Ça y est, on se connaît un peu mieux avec la dame « nounou ». Elle dit que je peux maintenant dormir chez elle. Mais ici le drap du lit n'a pas la même odeur qu'à la maison, la lumière est différente… Il y a les bruits de la rue, les pleurs des autres enfants… Comment vais-je pouvoir me sentir suffisamment en sécurité pour pouvoir m'endormir ?Peut-être que pour la première fois, j'aimerais que ce soit toi qui me couche chez « nounou » avec quelque chose qui sent la maison, mon drap, mon tissu que tu mets sous ma tête ou bien quelque chose à toi… Je m'envelopperai de ta voix, de ton bercement, de ton odeur pour sentir que je peux me laisser aller dans le sommeil.

J'ai bien besoin de dormir, je suis si fatigué de ces premières journées. Je dois faire attention à tout,  tout est si différent que je dépense toute mon énergie à retenir plein de sensations nouvelles, à contenir toutes mes émotions… Mais sans toi c'est encore difficile… J'y arriverai, mais  progressivement, étape par étape, au fur et à mesure que mon cerveau se construit et que je grandis.

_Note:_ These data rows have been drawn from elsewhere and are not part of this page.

lemma nonneg_delay_system_at_equilibrium:
  assumes "reaction_network V R" and "\<forall>r\<in>R. 0 < k r" and "\<forall>r\<in>R. 0 \<le> tau r"
    and "delay_equilibrium R k tau x"
  shows "nonneg_delay_system R k tau x"
proof
  have "finite V" "R \<subseteq> V \<times> V" and V_nonneg: "\<forall>y\<in>V. \<forall>i. 0 \<le> y $ i"
    using assms(1) by (simp_all add: reaction_network_def)
  then show "finite R"
    by (simp add: finite_subset)
  show "0 \<le> fst r $ i \<and> 0 \<le> snd r $ i" if "r \<in> R" for r i
    using \<open>R \<subseteq> V \<times> V\<close> V_nonneg that by (cases r) auto
  show "0 \<le> k r" and "0 \<le> tau r" if "r \<in> R" for r
    using assms(2,3) that by (auto simp: less_imp_le)
  show "0 < x $ i" for i
    using assms(4) by (simp add: delay_equilibrium_def)
qed

theorem theorem1:
  fixes V :: "(real^'n) set"
    and R :: "((real^'n) \<times> (real^'n)) set"
    and k tau :: "(real^'n) \<times> (real^'n) \<Rightarrow> real"
    and x :: "real^'n"
  assumes "reaction_network V R"
    and "non_autocatalytic R"
    and "\<forall>r\<in>R. k r > 0"
    and "\<forall>r\<in>R. tau r \<ge> 0"
    and "delay_equilibrium R k tau x"
    and "det (J_mat R k x) \<noteq> 0"
    and "\<forall>i. J_tilde R k x $ i $ i < 0"
    and "P0_matrix (- J_tilde R k x)"
  shows "\<forall>z::complex. det (J_lambda R k tau x z - mat z) = 0 \<longrightarrow> Re z < 0"
proof (intro allI impI)
  fix z :: complex
  assume root: "det (J_lambda R k tau x z - mat z) = 0"
  interpret nonneg_delay_system R k tau x
    using assms(1,3,4,5) by (rule nonneg_delay_system_at_equilibrium)
  have "z \<noteq> 0"
  proof
    assume "z = 0"
    with root assms(6) show False
      by (simp add: det_J_lambda_0)
  qed
  show "Re z < 0"
    using det_char_matrix_nonzero[OF assms(8) _ \<open>z \<noteq> 0\<close>] root by (meson not_le)
qed

end
text \<open>The kernel of \<open>x \<mapsto> \<sigma>\<^sub>x\<close> on the quotient cycle set \<open>A // R\<close>, so that
  \<open>A // retract_rel A m R\<close> is \<open>Ret(A // R)\<close>.\<close>
definition retract_rel :: "'a set \<Rightarrow> ('a \<Rightarrow> 'a \<Rightarrow> 'a) \<Rightarrow> ('a \<times> 'a) set \<Rightarrow> ('a \<times> 'a) set" where
  "retract_rel A m R = {(x, y). x \<in> A \<and> y \<in> A \<and> (\<forall>z\<in>A. (m x z, m y z) \<in> R)}"

lemma cycle_congruence_equiv: "cycle_congruence A m R \<Longrightarrow> equiv A R"
  unfolding cycle_congruence_def by blast

lemma cycle_congruence_left:
  "cycle_congruence A m R \<Longrightarrow> (x, y) \<in> R \<Longrightarrow> z \<in> A \<Longrightarrow> (m z x, m z y) \<in> R"
  unfolding cycle_congruence_def by blast

lemma cycle_congruence_right:
  "cycle_congruence A m R \<Longrightarrow> (x, y) \<in> R \<Longrightarrow> z \<in> A \<Longrightarrow> (m x z, m y z) \<in> R"
  unfolding cycle_congruence_def by blast

definition block_stabilizer :: "'a set \<Rightarrow> ('a \<Rightarrow> 'a \<Rightarrow> 'a) \<Rightarrow> ('a \<times> 'a) set \<Rightarrow> 'a \<Rightarrow> ('a \<Rightarrow> 'a) set" where
  "block_stabilizer A m R x0 = {g \<in> carrier (perm_group A m). (g x0, x0) \<in> R}"

locale cycset =
  fixes A :: "'a set" and m :: "'a \<Rightarrow> 'a \<Rightarrow> 'a"
  assumes cycle_set: "cycle_set A m"
begin

abbreviation G where "G \<equiv> perm_group A m"

lemma mult_closed: "x \<in> A \<Longrightarrow> y \<in> A \<Longrightarrow> m x y \<in> A"
  using cycle_set unfolding cycle_set_def by blast

lemma bij_lmult: "x \<in> A \<Longrightarrow> bij_betw (m x) A A"
  using cycle_set unfolding cycle_set_def by blast

lemma cycle_identity: "x \<in> A \<Longrightarrow> y \<in> A \<Longrightarrow> z \<in> A \<Longrightarrow> m (m x y) (m x z) = m (m y x) (m y z)"
  using cycle_set unfolding cycle_set_def by blast

lemma lmult_in_Bij: "x \<in> A \<Longrightarrow> lmult A m x \<in> Bij A"
  using bij_betw_cong[of A "lmult A m x" "m x" A] bij_lmult
  by (auto simp: Bij_def lmult_def)

lemma lmult_in_perm_group: "x \<in> A \<Longrightarrow> lmult A m x \<in> carrier G"
  by (auto simp: perm_group_def intro: generate.incl)

lemma subgroup_perm_group: "subgroup (carrier G) (BijGroup A)"
proof -
  have "lmult A m ` A \<subseteq> carrier (BijGroup A)"
    using lmult_in_Bij by (auto simp: BijGroup_def)
  then show ?thesis
    unfolding perm_group_def by (simp add: group.generate_is_subgroup[OF group_BijGroup])
qed

lemma group_perm_group: "group G"
  using subgroup.subgroup_is_group[OF subgroup_perm_group group_BijGroup]
  by (simp add: perm_group_def)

Tu seras peut-être étonnée si par la suite, quand tu reviendras me chercher, toute contente le soir,  je me détourne de toi, j'éclate en sanglot, ou quand je serai plus grand, si je cours me cacher… Non je ne t'en veux pas de me laisser chez « nounou » et j'ai plutôt passé une bonne journée. Mais il faut que je prenne le temps de te retrouver, de contenir mes émotions à te voir, te sentir. Toi, tu peux penser à moi au cours de ta  journée de travail, imaginer ce que je fais avec « nounou » ; mais moi, je suis encore petit, je n'ai pas encore assez de capacité, de maturité pour te garder dans ma tête. Il faut que je te reconnaisse par ta voix, ton odeur, puis ton regard.

Après mes huit mois, je pourrai déjà plus facilement penser à toi quand tu ne seras pas là, et je te dirai ma tristesse en pleurant, quand tu me quitteras le matin… Mais ne t'inquiète pas cela ne durera pas longtemps, parce que j'aime bien aussi passer la journée chez ma « nounou » et je sais, que toi et moi on se retrouvera ce soir... Même si je n'ai aucune notion de l'heure je t'attendrai à l'heure habituelle. Par contre, je n'aime pas les surprises et ne pas savoir qui vient me chercher... J'aime être prévenu s'il y a des changements...Comme cela je me prépare dans ma tête, et « nounou » m'aidera à être moins inquiet pour te retrouver avec bonheur...

Il me faudra du temps encore, pour nous connaître avec « nounou », pour que je me sente bien avec elle, et avec les autres enfants qui sont aussi chez elle... En  sécurité, je pourrais alors utiliser toutes mes capacités pour « grandir » sereinement.

 

Odile de Baudreuil Vermès, psychologue clinicienne (mars 2009).